Smart pointers instead of GC?
Adam D. Ruppe
destructionator at gmail.com
Sat Feb 1 20:26:15 PST 2014
On Sunday, 2 February 2014 at 03:38:03 UTC, Andrei Alexandrescu
wrote:
> Whoa, this won't work without an explosion in language
> complexity.
The complexity is already there, it is just hidden. But most the
capacity to deal with it is already there too:
Owning!T is just a struct with ~this() { free(me); }. Referencing
counting is just a struct with this(this) { payload.ref++; }
~this() { payload.ref--; } (with a few optimizations to remove
ref++; ref--;, which IMO should be there anyway!)
Borrowed is a reference we can use or copy, but must not free
(delete is deprecated!) and ought not store.
GC is a reference that we don't have to free AND is ok to store.

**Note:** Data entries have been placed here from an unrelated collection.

text \<open>Feature (linearized) risk at W: R^(i)(V) with W = W_i.\<close>
definition feat_risk :: "nat \<Rightarrow> (nat \<Rightarrow> real^'d) \<Rightarrow> (nat \<Rightarrow> real) \<Rightarrow> real
    \<Rightarrow> ('m::finite \<Rightarrow> real) \<Rightarrow> real^'d^'m \<Rightarrow> real^'d^'m \<Rightarrow> real" where
  "feat_risk n x y \<rho> a W V = (1 / real n) * (\<Sum>k<n. logloss (y k * (net_grad \<rho> a W (x k) \<bullet> V)))"

end

theory Submission
  imports Defs
begin

text \<open>The ReLU network is positively homogeneous, f(x; W) = \<langle>\<nabla>f(x; W), W\<rangle>, so the feature
  risk R^(i) has the same value and the same gradient at W_i as the empirical risk. A gradient
  step on the empirical risk is therefore a gradient step on the logistic risk of the linear
  predictor V \<mapsto> \<langle>\<nabla>f(x_k; W_i), V\<rangle>, whose features have norm at most \<rho>. Since the logistic
  loss is (1/4)-smooth, the descent lemma for smooth functions gives the decrease
  \<eta>(1 - \<eta>\<rho>^2/8)\<parallel>\<nabla>R(W_i)\<parallel>^2.\<close>

lemma quadratic_upper_bound_one_sided_Lipschitz_deriv:
  fixes f f' :: "real \<Rightarrow> real" and L r s :: real
  assumes deriv: "\<And>t. (f has_real_derivative f' t) (at t)"
    and lipschitz: "\<And>u v. u \<le> v \<Longrightarrow> f' v - f' u \<le> L * (v - u)"
  shows "f (r + s) \<le> f r + f' r * s + L / 2 * s\<^sup>2"
proof -
  define h where "h s = f r + f' r * s + L / 2 * s\<^sup>2 - f (r + s)" for s
  have h_deriv: "(h has_real_derivative f' r + L * t - f' (r + t)) (at t)" for t :: real
    unfolding h_def[abs_def]
    by (rule derivative_eq_intros deriv[THEN DERIV_chain2] refl | simp)+
  have "h 0 \<le> h s"
  proof (cases "0 \<le> s")
    case True
    show ?thesis
    proof (rule DERIV_nonneg_imp_nondecreasing[OF True])
      fix t :: real assume "0 \<le> t"
      then have "0 \<le> f' r + L * t - f' (r + t)" using lipschitz[of r "r + t"] by simp
      then show "\<exists>d. (h has_real_derivative d) (at t) \<and> 0 \<le> d" using h_deriv by blast
    qed
  next
    case False
    show ?thesis
    proof (rule DERIV_nonpos_imp_nonincreasing[of s 0])
      show "s \<le> 0" using False by simp
      fix t :: real assume "t \<le> 0"
      then have "f' r + L * t - f' (r + t) \<le> 0" using lipschitz[of "r + t" r] by simp
      then show "\<exists>d. (h has_real_derivative d) (at t) \<and> d \<le> 0" using h_deriv by blast
    qed
  qed
  then show ?thesis by (simp add: h_def)
qed

lemma logloss'_eq: "logloss' t = - 1 / (1 + exp t)"
proof -
  have "logloss' t = (- exp (- t) * exp t) / ((1 + exp (- t)) * exp t)"
    unfolding logloss'_def by simp
  also have "\<dots> = - 1 / (1 + exp t)"
    by (simp add: distrib_right add.commute exp_minus)
  finally show ?thesis .
qed

lemma has_real_derivative_logloss: "(logloss has_real_derivative logloss' t) (at t)"
proof -
  have "((\<lambda>t. ln (1 + exp (- t))) has_real_derivative 1 / (1 + exp (- t)) * (exp (- t) * - 1)) (at t)"
    by (rule derivative_eq_intros | simp add: add_pos_pos)+
  then show ?thesis unfolding logloss_def[abs_def] logloss'_def by simp
qed

lemma has_real_derivative_logloss': "(logloss' has_real_derivative exp t / (1 + exp t)\<^sup>2) (at t)"
proof -
  have ne: "1 + exp t \<noteq> 0" by (smt (verit) exp_gt_zero)
  have "((\<lambda>t. - 1 / (1 + exp t)) has_real_derivative
      (0 * (1 + exp t) - - 1 * (0 + exp t * 1)) / ((1 + exp t) * (1 + exp t))) (at t)"
    by (rule derivative_eq_intros refl | simp add: ne)+
  then show ?thesis unfolding logloss'_eq[abs_def] by (simp add: power2_eq_square)
qed

lemma exp_div_one_plus_exp_squared_le: "exp (t::real) / (1 + exp t)\<^sup>2 \<le> 1 / 4"
proof -
  have "4 * exp t \<le> (1 + exp t)\<^sup>2"
    using zero_le_power2[of "1 - exp t"] by (simp add: power2_eq_square algebra_simps)
  moreover have "0 < (1 + exp t)\<^sup>2" by (smt (verit) exp_gt_zero zero_less_power)
  ultimately show ?thesis by (simp add: field_simps)
qed

lemma logloss'_one_sided_Lipschitz:
  assumes "u \<le> v"
  shows "logloss' v - logloss' u \<le> (v - u) / 4"
proof -
  have "logloss' v - v / 4 \<le> logloss' u - u / 4"
  proof (rule DERIV_nonpos_imp_nonincreasing[OF assms, where f = "\<lambda>t. logloss' t - t / 4"])
    fix t
    have "((\<lambda>t. logloss' t - t / 4) has_real_derivative exp t / (1 + exp t)\<^sup>2 - 1 / 4) (at t)"
      by (rule derivative_eq_intros has_real_derivative_logloss' refl | simp)+
    then show "\<exists>d. ((\<lambda>t. logloss' t - t / 4) has_real_derivative d) (at t) \<and> d \<le> 0"
      using exp_div_one_plus_exp_squared_le[of t] by auto
  qed
  then show ?thesis by simp
qed

lemma logloss_quadratic_upper_bound: "logloss (r + s) \<le> logloss r + logloss' r * s + s\<^sup>2 / 8"
  using quadratic_upper_bound_one_sided_Lipschitz_deriv[OF has_real_derivative_logloss,
      of "1 / 4" r s]
    logloss'_one_sided_Lipschitz
  by simp

definition linear_risk :: "nat \<Rightarrow> (nat \<Rightarrow> 'a::real_inner) \<Rightarrow> (nat \<Rightarrow> real) \<Rightarrow> 'a \<Rightarrow> real" where
  "linear_risk n g y V = 1 / real n * (\<Sum>k<n. logloss (y k * (g k \<bullet> V)))"

definition linear_risk_grad :: "nat \<Rightarrow> (nat \<Rightarrow> 'a::real_inner) \<Rightarrow> (nat \<Rightarrow> real) \<Rightarrow> 'a \<Rightarrow> 'a" where
  "linear_risk_grad n g y V =
     (1 / real n) *\<^sub>R (\<Sum>k<n. (logloss' (y k * (g k \<bullet> V)) * y k) *\<^sub>R g k)"

lemma linear_risk_gradient_step_decrease:
  fixes g :: "nat \<Rightarrow> 'a::real_inner" and V :: 'a
  assumes g_bound: "\<forall>k<n. norm (g k) \<le> B"
    and y_bound: "\<forall>k<n. \<bar>y k\<bar> \<le> 1"
  defines "G \<equiv> linear_risk_grad n g y V"
  shows "\<eta> * (1 - \<eta> * B\<^sup>2 / 8) * (norm G)\<^sup>2
           \<le> linear_risk n g y V - linear_risk n g y (V - \<eta> *\<^sub>R G)"
proof -
  define N where "N = (norm G)\<^sup>2"
  define r where "r k = y k * (g k \<bullet> V)" for k
  define s where "s k = - \<eta> * (y k * (g k \<bullet> G))" for k
  have step: "y k * (g k \<bullet> (V - \<eta> *\<^sub>R G)) = r k + s k" for k
    by (simp add: r_def s_def inner_diff_right algebra_simps)
  have first_order: "1 / real n * (\<Sum>k<n. logloss' (r k) * s k) = - \<eta> * N"
  proof -
    have "N = G \<bullet> G" by (simp add: N_def power2_norm_eq_inner)
    also have "\<dots> = 1 / real n * (\<Sum>k<n. logloss' (r k) * y k * (g k \<bullet> G))"
      by (subst (1) G_def) (simp add: linear_risk_grad_def r_def inner_sum_left)
    finally show ?thesis by (simp add: s_def sum_distrib_left sum_negf algebra_simps)
  qed
  have second_order: "(s k)\<^sup>2 \<le> \<eta>\<^sup>2 * B\<^sup>2 * N" if "k < n" for k
  proof -
    have "\<bar>g k \<bullet> G\<bar> \<le> B * norm G"
      using Cauchy_Schwarz_ineq2[of "g k" G] g_bound that
      by (meson mult_right_mono norm_ge_zero order_trans)
    moreover have "\<bar>y k\<bar> \<le> 1" using y_bound that by simp
    ultimately have "\<bar>y k * (g k \<bullet> G)\<bar> \<le> B * norm G"
      by (simp add: abs_mult) (meson abs_ge_zero mult_left_le_one_le order_trans)
    then have "(y k * (g k \<bullet> G))\<^sup>2 \<le> (B * norm G)\<^sup>2"
      by (metis abs_ge_zero power2_abs power_mono)
    then have "\<eta>\<^sup>2 * (y k * (g k \<bullet> G))\<^sup>2 \<le> \<eta>\<^sup>2 * (B * norm G)\<^sup>2"
      by (rule mult_left_mono) simp
    then show ?thesis by (simp add: s_def N_def power_mult_distrib)
  qed
  have "linear_risk n g y (V - \<eta> *\<^sub>R G) = 1 / real n * (\<Sum>k<n. logloss (r k + s k))"
    by (simp add: linear_risk_def step)
  also have "\<dots> \<le> 1 / real n * (\<Sum>k<n. logloss (r k) + logloss' (r k) * s k + (s k)\<^sup>2 / 8)"
    by (intro mult_left_mono sum_mono logloss_quadratic_upper_bound) simp
  also have "\<dots> = linear_risk n g y V - \<eta> * N + 1 / real n * (\<Sum>k<n. (s k)\<^sup>2 / 8)"
    using first_order
    by (simp add: linear_risk_def r_def sum.distrib distrib_left)
  also have "1 / real n * (\<Sum>k<n. (s k)\<^sup>2 / 8) \<le> 1 / real n * (\<Sum>k<n. \<eta>\<^sup>2 * B\<^sup>2 * N / 8)"
    by (intro mult_left_mono sum_mono) (use second_order in auto)
  also have "\<dots> \<le> \<eta>\<^sup>2 * B\<^sup>2 * N / 8"
    by (simp add: N_def)
  finally show ?thesis by (simp add: N_def algebra_simps power2_eq_square)
qed

lemma net_eq_inner_net_grad:
  fixes W :: "real^'d^'m::finite"
  shows "net \<rho> a W x = net_grad \<rho> a W x \<bullet> W"
proof -
  have "net_grad \<rho> a W x \<bullet> W
      = (\<Sum>j\<in>UNIV. \<rho> / sqrt (real CARD('m)) * (a j * max 0 ((W $ j) \<bullet> x)))"
    unfolding net_grad_def
    by (subst inner_vec_def) (rule sum.cong, auto simp: inner_commute max_def)
  then show ?thesis unfolding net_def by (simp add: sum_distrib_left)
qed

lemma norm_net_grad_le:
  fixes W :: "real^'d^'m::finite"
  assumes "\<forall>j. \<bar>a j\<bar> \<le> 1" and "norm x \<le> 1"
  shows "norm (net_grad \<rho> a W x) \<le> \<bar>\<rho>\<bar>"
proof -
  define c where "c j = \<rho> / sqrt (real CARD('m)) * a j * (if (W $ j) \<bullet> x \<ge> 0 then 1 else 0)"
    for j
  have c_sq: "(c j)\<^sup>2 \<le> \<rho>\<^sup>2 / real CARD('m)" for j
  proof -
    have "(a j)\<^sup>2 \<le> 1" using assms(1) by (simp add: abs_square_le_1)
    then have "\<rho>\<^sup>2 * (a j)\<^sup>2 \<le> \<rho>\<^sup>2" by (simp add: mult_left_le)
    then show ?thesis
      unfolding c_def by (auto simp: power_mult_distrib power_divide divide_right_mono)
  qed
  have x_sq: "x \<bullet> x \<le> 1"
    using assms(2) by (simp add: power_le_one power2_norm_eq_inner[symmetric])
  have "(norm (net_grad \<rho> a W x))\<^sup>2 = (\<Sum>j\<in>UNIV. (c j *\<^sub>R x) \<bullet> (c j *\<^sub>R x))"
    unfolding power2_norm_eq_inner net_grad_def c_def by (subst inner_vec_def) simp
  also have "\<dots> = (\<Sum>j\<in>UNIV. (c j)\<^sup>2 * (x \<bullet> x))"
    by (simp add: power2_eq_square mult.assoc)
  also have "\<dots> \<le> (\<Sum>j\<in>(UNIV::'m set). \<rho>\<^sup>2 / real CARD('m))"
    using c_sq x_sq by (intro sum_mono) (meson mult_left_le order_trans zero_le_power2)
  also have "\<dots> = \<bar>\<rho>\<bar>\<^sup>2" by simp
  finally show ?thesis by (rule power2_le_imp_le) simp
qed

lemma feat_risk_eq_linear_risk:
  "feat_risk n x y \<rho> a W = linear_risk n (\<lambda>k. net_grad \<rho> a W (x k)) y"
  by (simp add: fun_eq_iff feat_risk_def linear_risk_def)

lemma emp_risk_grad_eq_linear_risk_grad:
  "emp_risk_grad n x y \<rho> a W = linear_risk_grad n (\<lambda>k. net_grad \<rho> a W (x k)) y W"
  by (simp add: emp_risk_grad_def linear_risk_grad_def net_eq_inner_net_grad)
(* Let $P$ be a simple closed $n$-gon, $n\ge4$, in $\mathbb{R}^2$, and let $a\in\mathbb{R}^2\setminus P$. If every ray emanating from $a$ meets $P$, then $a$ sees via $\mathbb{R}^2\setminus P$ two non-adjacent vertices of $P$, i.e. there are vertices $c,c'$ of $P$ that are not joined by an edge of $P$ (and are distinct) with $]a,c[\,\subset\mathbb{R}^2\setminus P$ and $]a,c'[\,\subset\mathbb{R}^2\setminus P$.
   Context: A simple closed $n$-gon is $P=\bigcup_{i=1}^n[p_{i-1},p_i]$ with distinct vertices $p_0,\dots,p_{n-1}$, $p_n=p_0$, whose edges meet only in common endpoints of consecutive edges. A ray emanating from $a$ is a set $\{a+\lambda w:\lambda\ge0\}$ with $w\ne0$. $]x,y[$ denotes the open segment. *)

theory Defs
  imports "HOL-Analysis.Analysis"
begin

definition poly_edge :: "(nat \<Rightarrow> real^2) \<Rightarrow> nat \<Rightarrow> nat \<Rightarrow> (real^2) set" where
  "poly_edge p n i = closed_segment (p i) (p (Suc i mod n))"

definition polygon :: "(nat \<Rightarrow> real^2) \<Rightarrow> nat \<Rightarrow> (real^2) set" where
  "polygon p n = (\<Union>i<n. poly_edge p n i)"

definition adjacent_idx :: "nat \<Rightarrow> nat \<Rightarrow> nat \<Rightarrow> bool" where
  "adjacent_idx n i j \<longleftrightarrow> j = Suc i mod n \<or> i = Suc j mod n"

definition simple_closed_polygon :: "(nat \<Rightarrow> real^2) \<Rightarrow> nat \<Rightarrow> bool" where
  "simple_closed_polygon p n \<longleftrightarrow> n \<ge> 3 \<and> inj_on p {..<n} \<and>
     (\<forall>i<n. \<forall>j<n. i \<noteq> j \<longrightarrow>
        poly_edge p n i \<inter> poly_edge p n j \<subseteq>
          (if j = Suc i mod n then {p j} else {}) \<union> (if i = Suc j mod n then {p i} else {}))"

definition ray :: "real^2 \<Rightarrow> real^2 \<Rightarrow> (real^2) set" where
  "ray a w = {a + l *\<^sub>R w | l. l \<ge> 0}"

end

theory Submission
  imports Defs
begin

text \<open>Choose a direction \<open>d\<close> such that no vertex lies on the line through \<open>a\<close> in direction
  \<open>d\<close>. The ray from \<open>a\<close> in direction \<open>d\<close> first meets \<open>P\<close> in the interior of an edge
  \<open>[u, w]\<close>, at a point \<open>x\<close> seen from \<open>a\<close>. Rotating the ray from \<open>x\<close> towards \<open>w\<close>, the
  first (and then nearest) vertex met inside the triangle \<open>a x w\<close> is seen from \<open>a\<close>; likewise
  towards \<open>u\<close>. These two visible vertices span an angle smaller than \<open>\<pi>\<close> that contains
  \<open>d\<close>. The same construction for \<open>-d\<close> yields a visible pair whose angle contains \<open>-d\<close>, so
  \<open>a\<close> sees at least three distinct vertices; but no three vertices of an \<open>n\<close>-gon with
  \<open>n \<ge> 4\<close> are pairwise adjacent.\<close>

section \<open>Determinants in the plane\<close>

definition det2 :: "real^2 \<Rightarrow> real^2 \<Rightarrow> real" where
  "det2 u v = u$1 * v$2 - u$2 * v$1"

lemma det2_simps [simp]:
  "det2 u u = 0"
  "det2 0 u = 0"
  "det2 u 0 = 0"
  "det2 (u + v) w = det2 u w + det2 v w"
  "det2 w (u + v) = det2 w u + det2 w v"
  "det2 (c *\<^sub>R u) w = c * det2 u w"
  "det2 w (c *\<^sub>R u) = c * det2 w u"
  "det2 (- u) w = - det2 u w"
  "det2 w (- u) = - det2 w u"
  by (simp_all add: det2_def algebra_simps)

lemma det2_swap: "det2 u v = - det2 v u"
  by (simp add: det2_def)

lemma det2_decompose:
  assumes "det2 X W \<noteq> 0"
  shows "Q = (det2 Q W / det2 X W) *\<^sub>R X + (det2 X Q / det2 X W) *\<^sub>R W"
proof -
  have e: "det2 X W *\<^sub>R Q = det2 Q W *\<^sub>R X + det2 X Q *\<^sub>R W"
    unfolding det2_def by (simp add: vec_eq_iff forall_2 algebra_simps)
  have "Q = (1 / det2 X W) *\<^sub>R (det2 X W *\<^sub>R Q)"
    using assms by simp
  also have "\<dots> = (det2 Q W / det2 X W) *\<^sub>R X + (det2 X Q / det2 X W) *\<^sub>R W"
    unfolding e by (simp add: scaleR_add_right)
  finally show ?thesis .
qed

lemma exists_direction_off_lines:
  assumes "finite F" "0 \<notin> F"
  shows "\<exists>d. d \<noteq> 0 \<and> (\<forall>q\<in>F. det2 d q \<noteq> 0)"
proof -
  obtain c :: real where c: "c \<notin> (\<lambda>q. q$2 / q$1) ` F"
    using ex_new_if_finite[OF infinite_UNIV_char_0] finite_imageI[OF assms(1)] by blast
  define d :: "real^2" where "d = vector [1, c]"
  have "det2 d q \<noteq> 0" if "q \<in> F" for q
  proof
    assume "det2 d q = 0"
    then have q2: "q$2 = c * q$1"
      unfolding det2_def d_def by simp
    have "q \<noteq> 0"
      using assms(2) that by auto
    then have "q$1 \<noteq> 0"
      using q2 by (auto simp: vec_eq_iff forall_2)
    then have "c = q$2 / q$1"
      using q2 by simp
    then show False
      using c that by blast
  qed
  moreover have "d \<noteq> 0"
    unfolding d_def by (metis vector_2(1) zero_index zero_neq_one)
  ultimately show ?thesis
    by blast
qed

text \<open>\<open>straddles d V1 V2\<close>: \<open>d\<close> points strictly inside the angle, smaller than \<open>\<pi>\<close>,
  swept counterclockwise from \<open>V2\<close> to \<open>V1\<close>.\<close>

definition straddles :: "real^2 \<Rightarrow> real^2 \<Rightarrow> real^2 \<Rightarrow> bool" where
  "straddles d V1 V2 \<longleftrightarrow> det2 d V1 * det2 V2 V1 > 0 \<and> det2 d V1 * det2 d V2 < 0"

lemma straddles_scaleR:
  assumes "straddles (l *\<^sub>R d) V1 V2" "l > 0"
  shows "straddles d V1 V2"
  using assms unfolding straddles_def
  by (auto simp: zero_less_mult_iff mult_less_0_iff)

lemma straddles_distinct: "straddles d V1 V2 \<Longrightarrow> V1 \<noteq> V2"
  unfolding straddles_def by (metis not_square_less_zero)

lemma straddles_opposite_directions:
  assumes d: "straddles d V1 V2" and minus_d: "straddles (- d) V3 V4"
    and "V3 \<in> {V1, V2}" "V4 \<in> {V1, V2}"
  shows False
proof -
  consider "V3 = V1" "V4 = V2" | "V3 = V2" "V4 = V1"
    using straddles_distinct[OF minus_d] assms(3,4) by auto
  then show False
  proof cases
    case 1
    then show False
      using d minus_d unfolding straddles_def by simp
  next
    case 2
    then have "det2 d V2 * det2 V2 V1 > 0"
      using minus_d unfolding straddles_def by (simp add: det2_swap[of V1 V2])
    with d have "(det2 d V1 * det2 d V2) * (det2 V2 V1)\<^sup>2 > 0"
      unfolding straddles_def power2_eq_square
      by (metis mult.assoc mult.left_commute zero_less_mult_iff)
    moreover have "(det2 d V1 * det2 d V2) * (det2 V2 V1)\<^sup>2 \<le> 0"
      using d unfolding straddles_def by (simp add: mult_nonpos_nonneg)
    ultimately show False
      by simp
  qed
qed

lemma straddles_cone_points:
  fixes U W X V1 V2 :: "real^2"
  assumes X: "X = (1 - t) *\<^sub>R U + t *\<^sub>R W" and t: "0 < t" "t < 1"
    and XW: "det2 X W \<noteq> 0"
    and V1: "V1 = \<alpha>1 *\<^sub>R X + \<beta>1 *\<^sub>R W" "\<alpha>1 \<ge> 0" "\<beta>1 > 0"
    and V2: "V2 = \<alpha>2 *\<^sub>R X + \<beta>2 *\<^sub>R U" "\<alpha>2 \<ge> 0" "\<beta>2 > 0"
  shows "straddles X V1 V2"
proof -
  define D where "D = det2 U W"
  define K where "K = \<alpha>2 * \<beta>1 * (1 - t) + \<beta>2 * \<alpha>1 * t + \<beta>2 * \<beta>1"
  have XW_D: "det2 X W = (1 - t) * D" and UX_D: "det2 U X = t * D"
    unfolding X D_def by simp_all
  have "det2 X ((1 - t) *\<^sub>R U + t *\<^sub>R W) = 0"
    by (simp only: X[symmetric] det2_simps(1))
  then have XU: "(1 - t) * det2 X U = - t * det2 X W"
    by simp
  have V1_det: "det2 X V1 = \<beta>1 * det2 X W" and V2_det: "det2 X V2 = \<beta>2 * det2 X U"
    unfolding V1(1) V2(1) by simp_all
  have "det2 V2 V1 = \<alpha>2 * \<beta>1 * det2 X W + \<beta>2 * \<alpha>1 * det2 U X + \<beta>2 * \<beta>1 * D"
    unfolding V1(1) V2(1) D_def by (simp add: algebra_simps)
  then have V21: "det2 V2 V1 = K * D"
    unfolding XW_D UX_D K_def by (simp add: algebra_simps)
  have "K > 0"
    unfolding K_def using t V1 V2
    by (intro add_nonneg_pos add_nonneg_nonneg mult_nonneg_nonneg mult_pos_pos) auto
  moreover have "D \<noteq> 0"
    using XW XW_D by auto
  ultimately have "\<beta>1 * (1 - t) * K * D\<^sup>2 > 0"
    using V1 t by simp
  moreover have "det2 X V1 * det2 V2 V1 = \<beta>1 * (1 - t) * K * D\<^sup>2"
    unfolding V1_det V21 XW_D by (simp add: power2_eq_square)
  moreover have "(1 - t) * (det2 X V1 * det2 X V2) < 0"
  proof -
    have "(1 - t) * (det2 X V1 * det2 X V2) = \<beta>1 * \<beta>2 * det2 X W * ((1 - t) * det2 X U)"
      unfolding V1_det V2_det by (simp add: algebra_simps)
    also have "\<dots> = - (t * \<beta>1 * \<beta>2 * (det2 X W)\<^sup>2)"
      unfolding XU by (simp add: power2_eq_square algebra_simps)
    finally show ?thesis
      using t V1 V2 XW by simp
  qed
  ultimately show ?thesis
    unfolding straddles_def using t by (simp add: mult_less_0_iff)
qed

The language just conflates the latter two. And the spec even
gives us some hope that it isn't supposed to with the scope
storage class, though IMO the difference is more of a type thing
than a storage class thing. A GC reference should implicitly
convert to a borrowed reference (e.g. alias slice this;) but not
vice versa. The only way to go from borrowed -> GC (or any other
really) would be cowboy it with cast() or copying the contents.
BTW I like a lot of the ideas Rust has in this regard, but I
don't think we have to go all the way they did. But having:
char[] foo = new char[](1024);
and
char[1024] buffer;
char[] foo = buffer[];
both work and yield exactly the same type is trouble.